**WORK ORDER:** Restate each record word for word, from the first to the last.

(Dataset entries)
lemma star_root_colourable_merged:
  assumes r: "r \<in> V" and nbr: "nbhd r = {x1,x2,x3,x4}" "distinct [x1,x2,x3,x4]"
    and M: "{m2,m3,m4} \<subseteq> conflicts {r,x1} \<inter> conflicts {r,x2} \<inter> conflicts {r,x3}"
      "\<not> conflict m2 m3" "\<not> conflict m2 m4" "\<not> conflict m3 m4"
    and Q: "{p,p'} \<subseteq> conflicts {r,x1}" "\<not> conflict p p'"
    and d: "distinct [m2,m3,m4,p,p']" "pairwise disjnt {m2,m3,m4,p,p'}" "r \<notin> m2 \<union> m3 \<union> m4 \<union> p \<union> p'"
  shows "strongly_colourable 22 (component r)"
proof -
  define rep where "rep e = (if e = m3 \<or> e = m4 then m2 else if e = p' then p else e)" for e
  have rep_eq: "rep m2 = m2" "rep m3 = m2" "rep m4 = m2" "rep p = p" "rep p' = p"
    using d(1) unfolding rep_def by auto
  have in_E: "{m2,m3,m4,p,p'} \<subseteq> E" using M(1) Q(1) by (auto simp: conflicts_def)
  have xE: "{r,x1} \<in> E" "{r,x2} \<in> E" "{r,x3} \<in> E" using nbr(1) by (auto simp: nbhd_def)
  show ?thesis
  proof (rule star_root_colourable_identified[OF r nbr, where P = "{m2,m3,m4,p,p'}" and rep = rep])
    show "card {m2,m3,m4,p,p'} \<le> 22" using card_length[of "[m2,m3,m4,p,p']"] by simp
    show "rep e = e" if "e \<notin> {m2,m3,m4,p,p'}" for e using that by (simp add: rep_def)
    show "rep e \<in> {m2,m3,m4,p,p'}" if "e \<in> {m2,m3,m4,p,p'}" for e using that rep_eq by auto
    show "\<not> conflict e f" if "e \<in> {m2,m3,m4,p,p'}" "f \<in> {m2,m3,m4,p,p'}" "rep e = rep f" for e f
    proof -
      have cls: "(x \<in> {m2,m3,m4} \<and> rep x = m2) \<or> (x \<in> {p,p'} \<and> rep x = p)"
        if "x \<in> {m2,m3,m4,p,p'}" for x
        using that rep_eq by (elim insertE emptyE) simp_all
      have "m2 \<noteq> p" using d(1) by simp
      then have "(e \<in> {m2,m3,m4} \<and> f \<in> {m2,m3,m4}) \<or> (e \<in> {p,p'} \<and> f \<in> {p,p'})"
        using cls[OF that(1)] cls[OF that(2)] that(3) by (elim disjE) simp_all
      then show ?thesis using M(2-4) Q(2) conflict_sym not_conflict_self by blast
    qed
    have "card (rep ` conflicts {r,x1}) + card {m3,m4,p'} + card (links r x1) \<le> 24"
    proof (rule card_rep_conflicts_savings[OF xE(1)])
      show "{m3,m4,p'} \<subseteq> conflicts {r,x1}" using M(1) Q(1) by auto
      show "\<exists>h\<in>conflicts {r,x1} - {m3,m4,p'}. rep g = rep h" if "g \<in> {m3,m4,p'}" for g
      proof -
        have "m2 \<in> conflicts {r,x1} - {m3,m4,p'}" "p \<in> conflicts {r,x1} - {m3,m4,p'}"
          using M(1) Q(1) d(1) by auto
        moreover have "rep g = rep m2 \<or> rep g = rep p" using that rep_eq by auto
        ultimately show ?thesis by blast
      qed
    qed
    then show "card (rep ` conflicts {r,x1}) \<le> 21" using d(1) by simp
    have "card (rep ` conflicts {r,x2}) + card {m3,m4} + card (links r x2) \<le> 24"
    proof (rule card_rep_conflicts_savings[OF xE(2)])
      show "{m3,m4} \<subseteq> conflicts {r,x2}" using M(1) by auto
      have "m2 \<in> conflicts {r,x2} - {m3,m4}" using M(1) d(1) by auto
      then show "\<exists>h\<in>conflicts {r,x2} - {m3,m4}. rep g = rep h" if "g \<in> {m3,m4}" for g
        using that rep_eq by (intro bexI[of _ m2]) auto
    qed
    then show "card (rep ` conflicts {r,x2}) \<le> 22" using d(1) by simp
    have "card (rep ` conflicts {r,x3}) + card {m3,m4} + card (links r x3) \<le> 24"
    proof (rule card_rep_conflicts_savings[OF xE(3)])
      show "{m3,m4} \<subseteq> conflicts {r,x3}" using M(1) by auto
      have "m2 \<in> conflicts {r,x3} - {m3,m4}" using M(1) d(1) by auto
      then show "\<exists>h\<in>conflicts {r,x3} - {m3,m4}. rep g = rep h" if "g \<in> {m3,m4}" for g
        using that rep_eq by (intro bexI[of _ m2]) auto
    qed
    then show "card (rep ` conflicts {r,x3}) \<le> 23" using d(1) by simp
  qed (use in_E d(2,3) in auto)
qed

**EXERCISE RESPONSE:**
lemma star_root_colourable_merged:
  assumes r: "r \<in> V" and nbr: "nbhd r = {x1,x2,x3,x4}" "distinct [x1,x2,x3,x4]"
    and M: "{m2,m3,m4} \<subseteq> conflicts {r,x1} \<inter> conflicts {r,x2} \<inter> conflicts {r,x3}"
      "\<not> conflict m2 m3" "\<not> conflict m2 m4" "\<not> conflict m3 m4"
    and Q: "{p,p'} \<subseteq> conflicts {r,x1}" "\<not> conflict p p'"
    and d: "distinct [m2,m3,m4,p,p']" "pairwise disjnt {m2,m3,m4,p,p'}" "r \<notin> m2 \<union> m3 \<union> m4 \<union> p \<union> p'"
  shows "strongly_colourable 22 (component r)"
proof -
  define rep where "rep e = (if e = m3 \<or> e = m4 then m2 else if e = p' then p else e)" for e
  have rep_eq: "rep m2 = m2" "rep m3 = m2" "rep m4 = m2" "rep p = p" "rep p' = p"
    using d(1) unfolding rep_def by auto
  have in_E: "{m2,m3,m4,p,p'} \<subseteq> E" using M(1) Q(1) by (auto simp: conflicts_def)
  have xE: "{r,x1} \<in> E" "{r,x2} \<in> E" "{r,x3} \<in> E" using nbr(1) by (auto simp: nbhd_def)
  show ?thesis
  proof (rule star_root_colourable_identified[OF r nbr, where P = "{m2,m3,m4,p,p'}" and rep = rep])
    show "card {m2,m3,m4,p,p'} \<le> 22" using card_length[of "[m2,m3,m4,p,p']"] by simp
    show "rep e = e" if "e \<notin> {m2,m3,m4,p,p'}" for e using that by (simp add: rep_def)
    show "rep e \<in> {m2,m3,m4,p,p'}" if "e \<in> {m2,m3,m4,p,p'}" for e using that rep_eq by auto
    show "\<not> conflict e f" if "e \<in> {m2,m3,m4,p,p'}" "f \<in> {m2,m3,m4,p,p'}" "rep e = rep f" for e f
    proof -
      have cls: "(x \<in> {m2,m3,m4} \<and> rep x = m2) \<or> (x \<in> {p,p'} \<and> rep x = p)"
        if "x \<in> {m2,m3,m4,p,p'}" for x
        using that rep_eq by (elim insertE emptyE) simp_all
      have "m2 \<noteq> p" using d(1) by simp
      then have "(e \<in> {m2,m3,m4} \<and> f \<in> {m2,m3,m4}) \<or> (e \<in> {p,p'} \<and> f \<in> {p,p'})"
        using cls[OF that(1)] cls[OF that(2)] that(3) by (elim disjE) simp_all
      then show ?thesis using M(2-4) Q(2) conflict_sym not_conflict_self by blast
    qed
    have "card (rep ` conflicts {r,x1}) + card {m3,m4,p'} + card (links r x1) \<le> 24"
    proof (rule card_rep_conflicts_savings[OF xE(1)])
      show "{m3,m4,p'} \<subseteq> conflicts {r,x1}" using M(1) Q(1) by auto
      show "\<exists>h\<in>conflicts {r,x1} - {m3,m4,p'}. rep g = rep h" if "g \<in> {m3,m4,p'}" for g
      proof -
        have "m2 \<in> conflicts {r,x1} - {m3,m4,p'}" "p \<in> conflicts {r,x1} - {m3,m4,p'}"
          using M(1) Q(1) d(1) by auto
        moreover have "rep g = rep m2 \<or> rep g = rep p" using that rep_eq by auto
        ultimately show ?thesis by blast
      qed
    qed
    then show "card (rep ` conflicts {r,x1}) \<le> 21" using d(1) by simp
    have "card (rep ` conflicts {r,x2}) + card {m3,m4} + card (links r x2) \<le> 24"
    proof (rule card_rep_conflicts_savings[OF xE(2)])
      show "{m3,m4} \<subseteq> conflicts {r,x2}" using M(1) by auto
      have "m2 \<in> conflicts {r,x2} - {m3,m4}" using M(1) d(1) by auto
      then show "\<exists>h\<in>conflicts {r,x2} - {m3,m4}. rep g = rep h" if "g \<in> {m3,m4}" for g
        using that rep_eq by (intro bexI[of _ m2]) auto
    qed
    then show "card (rep ` conflicts {r,x2}) \<le> 22" using d(1) by simp
    have "card (rep ` conflicts {r,x3}) + card {m3,m4} + card (links r x3) \<le> 24"
    proof (rule card_rep_conflicts_savings[OF xE(3)])
      show "{m3,m4} \<subseteq> conflicts {r,x3}" using M(1) by auto
      have "m2 \<in> conflicts {r,x3} - {m3,m4}" using M(1) d(1) by auto
      then show "\<exists>h\<in>conflicts {r,x3} - {m3,m4}. rep g = rep h" if "g \<in> {m3,m4}" for g
        using that rep_eq by (intro bexI[of _ m2]) auto
    qed
    then show "card (rep ` conflicts {r,x3}) \<le> 23" using d(1) by simp
  qed (use in_E d(2,3) in auto)
qed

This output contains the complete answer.